Top-Down performance analysis methodology.

This article was originally posted here.

This post aims to help people that want to better understand performance bottlenecks in their application. There are many existing methodolgies to do performance anlysis,
but not so many of them are robust and formal. When I was just starting with performance work I usually just profiled the app and tried to grasp through the hotspots of the
benchmark hoping to find something there. This often lead to random experiments with unrolling, vectorization, inlining, you name it. I’m not saying it’s always a loosing
strategy. Sometimes you can be lucky to get big performance boost from random experiments. But usually you need to have very good intuition and luck :).

In this post I show more formal way to do performance analysis. It’s called Top-down Microarchitecture Analysis Method (TMAM)
(Intel® 64 and IA-32 Architectures Optimization Reference Manual, Appendix B.1).

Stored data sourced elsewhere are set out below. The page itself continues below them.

lemma has_derivative_dist_right:
  fixes p z :: "'a::real_inner"
  assumes "z \<noteq> p"
  shows "((\<lambda>y. dist y p) has_derivative (\<lambda>k. sgn (z - p) \<bullet> k)) (at z)"
proof -
  have "z - p \<noteq> 0" using assms by simp
  from has_derivative_compose[OF has_derivative_diff[OF has_derivative_ident has_derivative_const]
      has_derivative_norm[OF this]]
  show ?thesis by (simp add: dist_norm inner_commute)
qed

lemma has_derivative_squeeze:
  fixes f l u :: "'a::real_normed_vector \<Rightarrow> real"
  assumes lf: "\<And>y. l y \<le> f y" and fu: "\<And>y. f y \<le> u y" and eq: "l z = u z"
    and l: "(l has_derivative L) (at z)" and u: "(u has_derivative L) (at z)"
  shows "(f has_derivative L) (at z)"
  unfolding has_derivative_at_alt
proof (intro conjI allI impI)
  show "bounded_linear L" using l by (rule has_derivative_bounded_linear)
  fix e :: real assume "e > 0"
  obtain d1 where "d1 > 0"
    and d1: "\<And>y. norm (y - z) < d1 \<Longrightarrow> norm (l y - l z - L (y - z)) \<le> e * norm (y - z)"
    using l \<open>e > 0\<close> unfolding has_derivative_at_alt by blast
  obtain d2 where "d2 > 0"
    and d2: "\<And>y. norm (y - z) < d2 \<Longrightarrow> norm (u y - u z - L (y - z)) \<le> e * norm (y - z)"
    using u \<open>e > 0\<close> unfolding has_derivative_at_alt by blast
  have fz: "f z = l z" "f z = u z" using lf[of z] fu[of z] eq by auto
  show "\<exists>d>0. \<forall>y. norm (y - z) < d \<longrightarrow> norm (f y - f z - L (y - z)) \<le> e * norm (y - z)"
  proof (intro exI[of _ "min d1 d2"] conjI allI impI)
    show "min d1 d2 > 0" using \<open>d1 > 0\<close> \<open>d2 > 0\<close> by simp
    fix y assume "norm (y - z) < min d1 d2"
    then show "norm (f y - f z - L (y - z)) \<le> e * norm (y - z)"
      using d1[of y] d2[of y] lf[of y] fu[of y] fz by (simp add: abs_le_iff)
  qed
qed

lemma infdist_has_derivative_exterior_ball:
  fixes C :: "'a::euclidean_space set"
  assumes p: "p \<in> C" and zp: "z - p = D *\<^sub>R u" and u: "norm u = 1" and D: "0 < D" "D < t"
    and ball: "ball (p + t *\<^sub>R u) t \<inter> C = {}"
  shows "((\<lambda>y. infdist y C) has_derivative (\<lambda>k. u \<bullet> k)) (at z)"
proof -
  define c where "c = p + t *\<^sub>R u"
  have zc: "z - c = - ((t - D) *\<^sub>R u)" using zp by (simp add: c_def algebra_simps)
  have lower: "t - dist y c \<le> infdist y C" for y
    using infdist_ge_outside_ball[OF ball[folded c_def]] p by blast
  have upper: "infdist y C \<le> dist y p" for y using infdist_le[OF p] .
  have "z \<noteq> c" "z \<noteq> p" using zc zp u D by auto
  have "t - dist z c = dist z p" using zc zp u D by (simp add: dist_norm)
  moreover have "((\<lambda>y. t - dist y c) has_derivative (\<lambda>k. u \<bullet> k)) (at z)"
    using has_derivative_diff[OF has_derivative_const has_derivative_dist_right[OF \<open>z \<noteq> c\<close>], of t] zc u D
    by (auto simp: sgn_minus sgn_scaleR sgn_div_norm)
  moreover have "((\<lambda>y. dist y p) has_derivative (\<lambda>k. u \<bullet> k)) (at z)"
    using has_derivative_dist_right[OF \<open>z \<noteq> p\<close>] zp u D by (auto simp: sgn_scaleR sgn_div_norm)
  ultimately show ?thesis using lower upper by (rule has_derivative_squeeze[rotated 2])
qed

lemma infdist_has_derivative_two_balls:
  fixes C :: "'a::euclidean_space set"
  assumes "p \<in> C" "z \<notin> C" "z - p = \<mu> *\<^sub>R u" "norm u = 1" "\<bar>\<mu>\<bar> < t"
    and "ball (p + t *\<^sub>R u) t \<inter> C = {}" "ball (p - t *\<^sub>R u) t \<subseteq> C"
  shows "((\<lambda>y. infdist y C) has_derivative (\<lambda>k. u \<bullet> k)) (at z)"
proof -
  have "\<mu> > 0"
  proof (rule ccontr)
    assume "\<not> \<mu> > 0"
    moreover have "\<mu> \<noteq> 0" using assms(1-3) by auto
    ultimately have "dist z (p - t *\<^sub>R u) < t"
      using assms(3-5) by (simp add: dist_norm algebra_simps flip: scaleR_add_left)
    then show False using assms(2,7) by (auto simp: dist_commute)
  qed
  then show ?thesis using infdist_has_derivative_exterior_ball assms by auto
qed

In this metodology we try to detect what was stalling our execution starting from the
high-level components (like Front End, Back End, Retiring, Branch predictor) and narrowing down the source of performance inefficiencies.

It’s an iterative process with 2 steps:

  • Identify the type of the performance problem.
  • Locate the exact place in the code using PEBS (precise event).

After fixing performance issue you repeat the process again.

If it doesn’t make sense to you yet, don’t worry, it’ll become clear with the example..

15 Jan 2024 @ 22:59 PM | 0 Comment(s) | Posted by Denis Bakhvalov

What is the magic number behind PELT?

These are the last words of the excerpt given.